Source records Start Marker

text \<open>Since \<open>R\<close> is residually rational, the length of a quotient \<open>M/N\<close> of \<open>R\<close>-submodules
  of \<open>K\<close> squeezed between two ideals \<open>t^a Rbar \<subseteq> N \<subseteq> M \<subseteq> t^b Rbar\<close> of the valuation
  ring is the number of values taken on \<open>M\<close> but not on \<open>N\<close>: each strict step of a chain gains
  a value, and adjoining the elements of the largest missing value gains exactly one.
  All invariants thereby become counts of integers: \<open>\<delta>\<close> counts the gaps of \<open>v(R)\<close>, the
  \<open>r_i\<close> count the values gained along the chain \<open>R = (R:R_0) \<subseteq> \<dots> \<subseteq> (R:R_n) = Rbar\<close>, so
  \<open>b = \<Sum> (r - r_i)\<close>, and \<open>k\<close> counts the elements \<open>s_(i0-1), \<dots>, s_(n-1)\<close> of \<open>v(R)\<close> in
  \<open>[c - e, c)\<close>, i.e. \<open>k = |B|\<close>.  Moreover \<open>1 \<le> r_i \<le> r\<close> (multiplication by an element of
  value \<open>s_(i-1)\<close> embeds the \<open>i\<close>-th step into \<open>(R:m)/R\<close>), the \<open>r_i\<close> with \<open>i \<in> B\<close> add up to
  at most \<open>e - 1\<close> (since \<open>(R:R_(i0-1))\<close> already contains \<open>1\<close> and \<open>t^e Rbar\<close>), and \<open>e \<le> k + r\<close>
  (the gaps in \<open>[c - e, c)\<close> are values of \<open>(R:m)\<close>).  The five assertions follow from these
  facts by integer arithmetic.\<close>

section \<open>Counting and integer arithmetic\<close>

lemma card_unshifted_eq_card_top:
  fixes S :: "nat set"
  assumes "e \<le> c" and shift: "\<And>y. y \<in> S \<Longrightarrow> y + e \<in> S"
  shows "card {y \<in> S. y < c \<and> \<not> (e \<le> y \<and> y - e \<in> S)} = card {y \<in> S. c - e \<le> y \<and> y < c}"
proof -
  define T where "T = {y \<in> S. y < c}"
  define T1 where "T1 = {y \<in> S. y < c \<and> \<not> (e \<le> y \<and> y - e \<in> S)}"
  define T2 where "T2 = {y \<in> S. y < c \<and> e \<le> y \<and> y - e \<in> S}"
  define T3 where "T3 = {y \<in> S. y < c - e}"
  define T4 where "T4 = {y \<in> S. c - e \<le> y \<and> y < c}"
  have "T2 = (\<lambda>y. y + e) ` T3"
  proof
    show "T2 \<subseteq> (\<lambda>y. y + e) ` T3"
    proof
      fix y assume "y \<in> T2"
      then have "y - e \<in> T3" "y = y - e + e"
        unfolding T2_def T3_def by auto
      then show "y \<in> (\<lambda>y. y + e) ` T3"
        by blast
    qed
    show "(\<lambda>y. y + e) ` T3 \<subseteq> T2"
      unfolding T2_def T3_def using shift by auto
  qed
  then have "card T2 = card T3"
    by (simp add: card_image)
  moreover have "finite T"
    unfolding T_def by (rule finite_subset[of _ "{..<c}"]) auto
  moreover have "T = T1 \<union> T2" "T1 \<inter> T2 = {}" "T = T3 \<union> T4" "T3 \<inter> T4 = {}"
    unfolding T_def T1_def T2_def T3_def T4_def by auto
  ultimately have "card T1 + card T3 = card T3 + card T4"
    by (metis card_Un_disjoint finite_Un)
  then show ?thesis
    unfolding T1_def T4_def by simp
qed

lemma linear_bounds:
  fixes b r e k SA SB :: int
  assumes b: "b = SA + k * r - SB" and "k \<le> SB" "SB \<le> e - 1" "e \<le> k + r" "1 \<le> r" "0 \<le> SA"
  shows "(e - r - 1) * (r - 1) \<le> r * k - e + 1" "r * k - e + 1 \<le> b - SA" "b - SA \<le> k * (r - 1)"
    and "b = (k - 1) * (r - 1) + SA \<longleftrightarrow> SB = e - 1 \<and> k = e - r"
    and "b = k * (r - 1) + SA \<longleftrightarrow> SB = k"
    and "b = (e - r - 1) * (r - 1) \<longleftrightarrow> b = (k - 1) * (r - 1)"
    and "b = (k - 1) * (r - 1) \<longleftrightarrow> e - r = k \<and> SB = e - 1 \<and> SA = 0"
proof -
  have e1: "(e - r - 1) * (r - 1) = e * r - e - r * r + 1"
    and e2: "(k - 1) * (r - 1) = k * r - k - r + 1"
    and e3: "k * (r - 1) = k * r - k"
    by (simp_all add: algebra_simps)
  text \<open>The lower bound is the only nonlinear step: \<open>r * k - e + 1 - (e - r - 1) * (r - 1)\<close>
    equals \<open>r * (k - e + r)\<close>, which is at least \<open>k - e + r \<ge> 0\<close>.\<close>
  have "k - e + r \<le> r * (k - e + r)"
    using assms(4,5) mult_right_mono[of 1 r "k - e + r"] by simp
  moreover have "r * (k - e + r) = k * r - e * r + r * r"
    by (simp add: algebra_simps)
  ultimately have key: "k - e + r \<le> k * r - e * r + r * r"
    by simp
  have "(e - r - 1) * (r - 1) \<le> k * r - e + 1" "k * r - e + 1 \<le> b - SA"
    using assms key e1 by linarith+
  then show "(e - r - 1) * (r - 1) \<le> r * k - e + 1" "r * k - e + 1 \<le> b - SA"
    by (simp_all add: mult.commute)
  show "b - SA \<le> k * (r - 1)"
    using assms e3 by linarith
  show "b = (k - 1) * (r - 1) + SA \<longleftrightarrow> SB = e - 1 \<and> k = e - r"
  proof
    assume "b = (k - 1) * (r - 1) + SA"
    then show "SB = e - 1 \<and> k = e - r"
      using assms e2 by linarith
  qed (use assms e2 in linarith)
  show "b = k * (r - 1) + SA \<longleftrightarrow> SB = k"
  proof
    assume "b = k * (r - 1) + SA"
    then show "SB = k"
      using assms e3 by linarith
  qed (use assms e3 in linarith)
  have tight: "k = e - r" if "b = (e - r - 1) * (r - 1) \<or> b = (k - 1) * (r - 1)"
    using that assms key e1 e2 by linarith
  then show "b = (e - r - 1) * (r - 1) \<longleftrightarrow> b = (k - 1) * (r - 1)"
    by (metis add_diff_cancel_left' diff_add_cancel)
  show "b = (k - 1) * (r - 1) \<longleftrightarrow> e - r = k \<and> SB = e - 1 \<and> SA = 0"
  proof
    assume "b = (k - 1) * (r - 1)"
    then show "e - r = k \<and> SB = e - 1 \<and> SA = 0"
      using tight assms e2 by linarith
  next
    assume "e - r = k \<and> SB = e - 1 \<and> SA = 0"
    then show "b = (k - 1) * (r - 1)"
      using assms e2 by linarith
  qed
qed

lemma proposition_arith:
  fixes b r e k :: int and rr :: "nat \<Rightarrow> int" and A B N :: "nat set" and P :: bool
  assumes N: "finite N" "A \<union> B = N" "A \<inter> B = {}"
    and b: "b = (\<Sum>i\<in>N. r - rr i)"
    and rr: "\<And>i. i \<in> N \<Longrightarrow> 1 \<le> rr i \<and> rr i \<le> r"
    and k: "k = int (card B)"
    and "(\<Sum>i\<in>B. rr i) \<le> e - 1" "e \<le> k + r" "1 \<le> r"
    and P: "(\<Sum>i\<in>B. rr i) = e - 1 \<Longrightarrow> P"
  shows
    "((e - r - 1) * (r - 1) \<le> r * k - e + 1 \<and>
      r * k - e + 1 \<le> b - (\<Sum>i\<in>A. r - rr i) \<and>
      b - (\<Sum>i\<in>A. r - rr i) \<le> k * (r - 1))
   \<and> (b = (k - 1) * (r - 1) + (\<Sum>i\<in>A. r - rr i) \<longleftrightarrow>
        (\<Sum>i\<in>B. rr i) = e - 1 \<and> k = e - r)
   \<and> (b = k * (r - 1) + (\<Sum>i\<in>A. r - rr i) \<longleftrightarrow> (\<forall>i\<in>B. rr i = 1))
   \<and> ((b = (e - r - 1) * (r - 1) \<longleftrightarrow> b = (k - 1) * (r - 1))
      \<and> (b = (k - 1) * (r - 1) \<longleftrightarrow>
           e - r = k \<and> (\<Sum>i\<in>B. rr i) = e - 1 \<and> (\<forall>i\<in>A. rr i = r))
      \<and> (b = (e - r - 1) * (r - 1) \<longrightarrow> P))
   \<and> b \<ge> (r - 1) * int (card {i\<in>N. rr i = 1})"
proof -
  have fin: "finite A" "finite B"
    using N by auto
  define SA where "SA = (\<Sum>i\<in>A. r - rr i)"
  define SB where "SB = (\<Sum>i\<in>B. rr i)"
  have "b = SA + (\<Sum>i\<in>B. r - rr i)"
    unfolding b SA_def using sum.union_disjoint[OF fin N(3)] N(2) by simp
  then have b_split: "b = SA + k * r - SB"
    unfolding SB_def k by (simp add: sum_subtractf)
  have rrA: "\<And>i. i \<in> A \<Longrightarrow> 1 \<le> rr i \<and> rr i \<le> r"
    and rrB: "\<And>i. i \<in> B \<Longrightarrow> 1 \<le> rr i \<and> rr i \<le> r"
    using rr unfolding N(2)[symmetric] by blast+
  have "(\<Sum>i\<in>B. rr i - 1) = SB - k"
    unfolding SB_def k by (simp add: sum_subtractf)
  moreover have "\<forall>i\<in>B. 0 \<le> rr i - 1"
    using rrB by fastforce
  ultimately have "k \<le> SB" and SB_eq: "SB = k \<longleftrightarrow> (\<forall>i\<in>B. rr i = 1)"
    using sum_nonneg[of B "\<lambda>i. rr i - 1"] sum_nonneg_eq_0_iff[OF fin(2), of "\<lambda>i. rr i - 1"] by auto
  have "\<forall>i\<in>A. 0 \<le> r - rr i"
    using rrA by fastforce
  then have "0 \<le> SA" and SA_eq: "SA = 0 \<longleftrightarrow> (\<forall>i\<in>A. rr i = r)"
    unfolding SA_def using sum_nonneg[of A "\<lambda>i. r - rr i"]
      sum_nonneg_eq_0_iff[OF fin(1), of "\<lambda>i. r - rr i"] by auto
  note lin = linear_bounds[OF b_split \<open>k \<le> SB\<close> assms(7)[folded SB_def] assms(8,9) \<open>0 \<le> SA\<close>]
  have "(\<Sum>i\<in>{i\<in>N. rr i = 1}. r - rr i) \<le> b"
    unfolding b using rr N(1) by (intro sum_mono2) auto
  then have five: "(r - 1) * int (card {i\<in>N. rr i = 1}) \<le> b"
    by (simp add: mult.commute)
  show ?thesis
    unfolding SA_def[symmetric] SB_def[symmetric]
  proof (intro conjI)
    show "b = k * (r - 1) + SA \<longleftrightarrow> (\<forall>i\<in>B. rr i = 1)"
      using lin(5) SB_eq by simp
    show "b = (k - 1) * (r - 1) \<longleftrightarrow> e - r = k \<and> SB = e - 1 \<and> (\<forall>i\<in>A. rr i = r)"
      using lin(7) SA_eq by simp
    show "b = (e - r - 1) * (r - 1) \<longrightarrow> P"
      using lin(6,7) P unfolding SB_def by blast
  qed (use lin five in simp_all)
qed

Source records End Marker

List all lines in the material containing the string "values".

  ring is the number of values taken on \<open>M\<close> but not on \<open>N\<close>: each strict step of a chain gains
  \<open>r_i\<close> count the values gained along the chain \<open>R = (R:R_0) \<subseteq> \<dots> \<subseteq> (R:R_n) = Rbar\<close>, so
  (the gaps in \<open>[c - e, c)\<close> are values of \<open>(R:m)\<close>).  The five assertions follow from these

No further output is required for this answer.